_BRIEF_
Below are the records. State how many of their lines hold the word "otimes", and add nothing else.

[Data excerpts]

━━━━━━━━━━━━━━━━━━━━━━━━━━━━━━

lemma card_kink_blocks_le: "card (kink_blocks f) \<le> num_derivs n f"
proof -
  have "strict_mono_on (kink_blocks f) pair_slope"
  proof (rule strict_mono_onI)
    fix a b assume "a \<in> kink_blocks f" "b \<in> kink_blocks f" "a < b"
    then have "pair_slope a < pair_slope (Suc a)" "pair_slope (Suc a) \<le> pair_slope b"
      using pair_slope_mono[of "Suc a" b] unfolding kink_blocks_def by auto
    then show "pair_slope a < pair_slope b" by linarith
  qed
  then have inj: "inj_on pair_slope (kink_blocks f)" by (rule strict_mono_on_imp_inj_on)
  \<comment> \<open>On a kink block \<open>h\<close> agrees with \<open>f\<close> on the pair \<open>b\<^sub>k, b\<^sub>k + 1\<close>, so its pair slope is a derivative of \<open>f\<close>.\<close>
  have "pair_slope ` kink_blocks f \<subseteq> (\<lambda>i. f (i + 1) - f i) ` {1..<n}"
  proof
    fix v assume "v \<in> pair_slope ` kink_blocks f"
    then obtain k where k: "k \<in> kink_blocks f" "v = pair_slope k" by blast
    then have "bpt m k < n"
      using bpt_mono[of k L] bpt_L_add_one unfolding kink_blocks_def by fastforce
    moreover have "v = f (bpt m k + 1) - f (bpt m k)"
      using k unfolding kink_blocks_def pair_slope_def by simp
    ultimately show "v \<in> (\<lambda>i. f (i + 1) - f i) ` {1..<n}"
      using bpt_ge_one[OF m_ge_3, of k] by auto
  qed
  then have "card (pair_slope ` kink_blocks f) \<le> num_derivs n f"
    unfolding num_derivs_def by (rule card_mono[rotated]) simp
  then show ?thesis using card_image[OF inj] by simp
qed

━━━━━━━━━━━━━━━━━━━━━━━━━━━━━━

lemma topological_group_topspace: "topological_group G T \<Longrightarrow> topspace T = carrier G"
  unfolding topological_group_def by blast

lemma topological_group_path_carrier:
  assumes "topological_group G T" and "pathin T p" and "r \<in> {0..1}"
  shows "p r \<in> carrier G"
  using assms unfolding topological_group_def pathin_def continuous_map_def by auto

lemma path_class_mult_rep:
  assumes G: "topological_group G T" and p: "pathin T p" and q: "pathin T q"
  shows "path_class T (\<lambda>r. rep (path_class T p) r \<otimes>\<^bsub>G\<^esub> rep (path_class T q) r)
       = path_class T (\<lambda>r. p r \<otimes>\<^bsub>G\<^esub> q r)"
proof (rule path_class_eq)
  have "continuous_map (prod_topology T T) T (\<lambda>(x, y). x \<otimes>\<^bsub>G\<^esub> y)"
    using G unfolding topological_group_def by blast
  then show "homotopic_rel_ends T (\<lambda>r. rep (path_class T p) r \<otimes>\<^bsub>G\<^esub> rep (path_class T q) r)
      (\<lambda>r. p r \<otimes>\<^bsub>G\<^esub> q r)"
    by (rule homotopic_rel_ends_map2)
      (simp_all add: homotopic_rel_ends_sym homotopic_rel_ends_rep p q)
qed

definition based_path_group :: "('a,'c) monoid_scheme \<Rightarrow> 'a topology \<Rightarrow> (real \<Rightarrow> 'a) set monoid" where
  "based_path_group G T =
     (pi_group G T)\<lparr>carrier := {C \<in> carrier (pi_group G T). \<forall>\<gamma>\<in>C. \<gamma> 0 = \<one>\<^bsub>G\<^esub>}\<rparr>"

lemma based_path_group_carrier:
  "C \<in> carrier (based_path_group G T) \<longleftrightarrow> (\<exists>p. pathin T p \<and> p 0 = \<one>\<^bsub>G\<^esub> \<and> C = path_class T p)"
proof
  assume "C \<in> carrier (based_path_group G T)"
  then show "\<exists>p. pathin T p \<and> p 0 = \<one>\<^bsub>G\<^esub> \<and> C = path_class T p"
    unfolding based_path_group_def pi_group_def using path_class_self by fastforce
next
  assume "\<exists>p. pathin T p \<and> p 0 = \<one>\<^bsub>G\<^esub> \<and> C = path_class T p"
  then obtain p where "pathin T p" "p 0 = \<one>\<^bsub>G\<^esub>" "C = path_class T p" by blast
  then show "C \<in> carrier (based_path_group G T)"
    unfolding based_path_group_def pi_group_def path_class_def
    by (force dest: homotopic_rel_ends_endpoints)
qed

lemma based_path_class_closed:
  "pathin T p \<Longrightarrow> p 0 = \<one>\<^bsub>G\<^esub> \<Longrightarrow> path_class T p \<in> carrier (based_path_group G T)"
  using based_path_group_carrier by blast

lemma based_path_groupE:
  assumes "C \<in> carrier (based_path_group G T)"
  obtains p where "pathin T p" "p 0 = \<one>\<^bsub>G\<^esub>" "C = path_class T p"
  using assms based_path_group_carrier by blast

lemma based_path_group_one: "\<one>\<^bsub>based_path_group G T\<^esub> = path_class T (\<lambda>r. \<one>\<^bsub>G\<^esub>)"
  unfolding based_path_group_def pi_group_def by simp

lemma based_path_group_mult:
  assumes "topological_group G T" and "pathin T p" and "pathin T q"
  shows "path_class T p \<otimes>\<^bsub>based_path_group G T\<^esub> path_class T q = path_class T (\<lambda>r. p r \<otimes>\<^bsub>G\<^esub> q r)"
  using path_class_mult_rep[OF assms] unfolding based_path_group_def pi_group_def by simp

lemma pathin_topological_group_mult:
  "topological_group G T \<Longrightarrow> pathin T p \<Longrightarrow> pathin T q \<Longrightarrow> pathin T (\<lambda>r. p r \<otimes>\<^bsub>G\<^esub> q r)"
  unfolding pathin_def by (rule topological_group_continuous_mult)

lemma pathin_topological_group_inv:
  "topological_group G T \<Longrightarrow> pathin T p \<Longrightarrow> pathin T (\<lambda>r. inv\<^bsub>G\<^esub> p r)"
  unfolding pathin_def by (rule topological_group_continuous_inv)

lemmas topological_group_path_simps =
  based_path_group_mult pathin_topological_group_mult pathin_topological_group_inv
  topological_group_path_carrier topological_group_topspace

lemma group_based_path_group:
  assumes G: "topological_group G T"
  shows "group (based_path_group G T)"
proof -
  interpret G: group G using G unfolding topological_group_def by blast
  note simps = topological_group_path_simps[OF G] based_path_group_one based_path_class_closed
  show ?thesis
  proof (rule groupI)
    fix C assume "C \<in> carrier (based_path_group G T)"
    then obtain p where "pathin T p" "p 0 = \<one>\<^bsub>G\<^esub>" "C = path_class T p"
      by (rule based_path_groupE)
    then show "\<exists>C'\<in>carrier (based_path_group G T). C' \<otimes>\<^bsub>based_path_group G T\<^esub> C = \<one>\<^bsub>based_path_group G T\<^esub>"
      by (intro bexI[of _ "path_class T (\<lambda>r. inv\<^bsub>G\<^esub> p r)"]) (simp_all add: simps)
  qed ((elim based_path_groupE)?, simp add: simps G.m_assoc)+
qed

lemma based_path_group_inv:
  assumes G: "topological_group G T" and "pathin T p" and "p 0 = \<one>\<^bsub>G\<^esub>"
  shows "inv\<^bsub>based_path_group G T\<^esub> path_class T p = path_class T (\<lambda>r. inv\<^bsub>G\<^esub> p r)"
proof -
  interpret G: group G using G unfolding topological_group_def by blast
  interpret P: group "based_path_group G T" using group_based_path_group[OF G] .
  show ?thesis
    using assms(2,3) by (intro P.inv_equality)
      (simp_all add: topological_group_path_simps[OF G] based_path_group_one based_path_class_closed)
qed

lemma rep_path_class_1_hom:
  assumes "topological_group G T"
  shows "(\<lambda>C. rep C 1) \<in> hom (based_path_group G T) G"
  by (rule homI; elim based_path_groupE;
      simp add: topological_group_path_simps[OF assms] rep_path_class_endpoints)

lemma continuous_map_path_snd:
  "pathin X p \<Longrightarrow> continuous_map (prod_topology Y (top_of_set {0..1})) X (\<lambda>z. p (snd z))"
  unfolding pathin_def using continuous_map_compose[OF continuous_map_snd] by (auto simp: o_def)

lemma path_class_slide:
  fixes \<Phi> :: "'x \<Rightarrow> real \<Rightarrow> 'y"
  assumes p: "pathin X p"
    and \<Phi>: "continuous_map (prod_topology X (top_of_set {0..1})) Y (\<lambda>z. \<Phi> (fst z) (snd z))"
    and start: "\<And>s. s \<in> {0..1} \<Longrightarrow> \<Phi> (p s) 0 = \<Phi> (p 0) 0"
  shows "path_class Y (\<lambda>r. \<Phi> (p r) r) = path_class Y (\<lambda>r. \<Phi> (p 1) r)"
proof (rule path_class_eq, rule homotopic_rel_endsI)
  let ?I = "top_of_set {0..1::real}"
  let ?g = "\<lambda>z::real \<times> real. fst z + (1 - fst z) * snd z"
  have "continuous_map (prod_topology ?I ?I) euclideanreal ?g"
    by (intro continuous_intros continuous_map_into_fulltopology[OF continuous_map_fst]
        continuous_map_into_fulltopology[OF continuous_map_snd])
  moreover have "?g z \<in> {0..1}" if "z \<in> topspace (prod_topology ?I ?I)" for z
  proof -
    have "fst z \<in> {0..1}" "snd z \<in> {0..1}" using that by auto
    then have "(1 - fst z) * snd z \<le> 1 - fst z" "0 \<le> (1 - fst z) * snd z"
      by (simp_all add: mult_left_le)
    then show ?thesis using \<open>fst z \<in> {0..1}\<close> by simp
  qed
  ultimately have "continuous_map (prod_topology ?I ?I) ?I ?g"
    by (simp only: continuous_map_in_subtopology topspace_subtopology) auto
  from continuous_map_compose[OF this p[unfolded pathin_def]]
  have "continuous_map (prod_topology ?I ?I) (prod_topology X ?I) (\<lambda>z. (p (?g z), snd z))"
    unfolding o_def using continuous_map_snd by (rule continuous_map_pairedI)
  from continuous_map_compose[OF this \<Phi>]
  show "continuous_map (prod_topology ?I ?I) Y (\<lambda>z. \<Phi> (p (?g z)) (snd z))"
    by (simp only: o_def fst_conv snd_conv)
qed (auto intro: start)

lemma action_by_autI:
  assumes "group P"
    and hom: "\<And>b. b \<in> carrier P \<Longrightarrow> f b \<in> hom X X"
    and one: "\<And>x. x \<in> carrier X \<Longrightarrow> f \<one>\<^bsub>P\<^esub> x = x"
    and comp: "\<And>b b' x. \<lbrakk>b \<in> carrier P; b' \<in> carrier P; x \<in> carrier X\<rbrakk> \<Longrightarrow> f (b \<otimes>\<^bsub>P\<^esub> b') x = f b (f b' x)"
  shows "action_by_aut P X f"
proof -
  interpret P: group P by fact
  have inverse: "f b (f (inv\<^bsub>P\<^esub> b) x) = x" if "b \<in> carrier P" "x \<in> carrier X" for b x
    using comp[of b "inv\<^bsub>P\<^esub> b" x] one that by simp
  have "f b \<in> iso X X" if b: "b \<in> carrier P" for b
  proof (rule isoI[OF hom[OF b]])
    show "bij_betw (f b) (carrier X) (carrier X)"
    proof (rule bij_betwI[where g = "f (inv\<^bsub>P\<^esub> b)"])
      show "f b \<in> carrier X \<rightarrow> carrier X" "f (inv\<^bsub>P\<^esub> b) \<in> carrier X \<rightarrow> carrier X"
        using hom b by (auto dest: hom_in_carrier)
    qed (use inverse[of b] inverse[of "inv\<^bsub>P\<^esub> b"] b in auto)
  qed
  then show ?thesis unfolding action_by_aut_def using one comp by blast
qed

━━━━━━━━━━━━━━━━━━━━━━━━━━━━━━

_ANSWER TO THIS PROBLEM_
9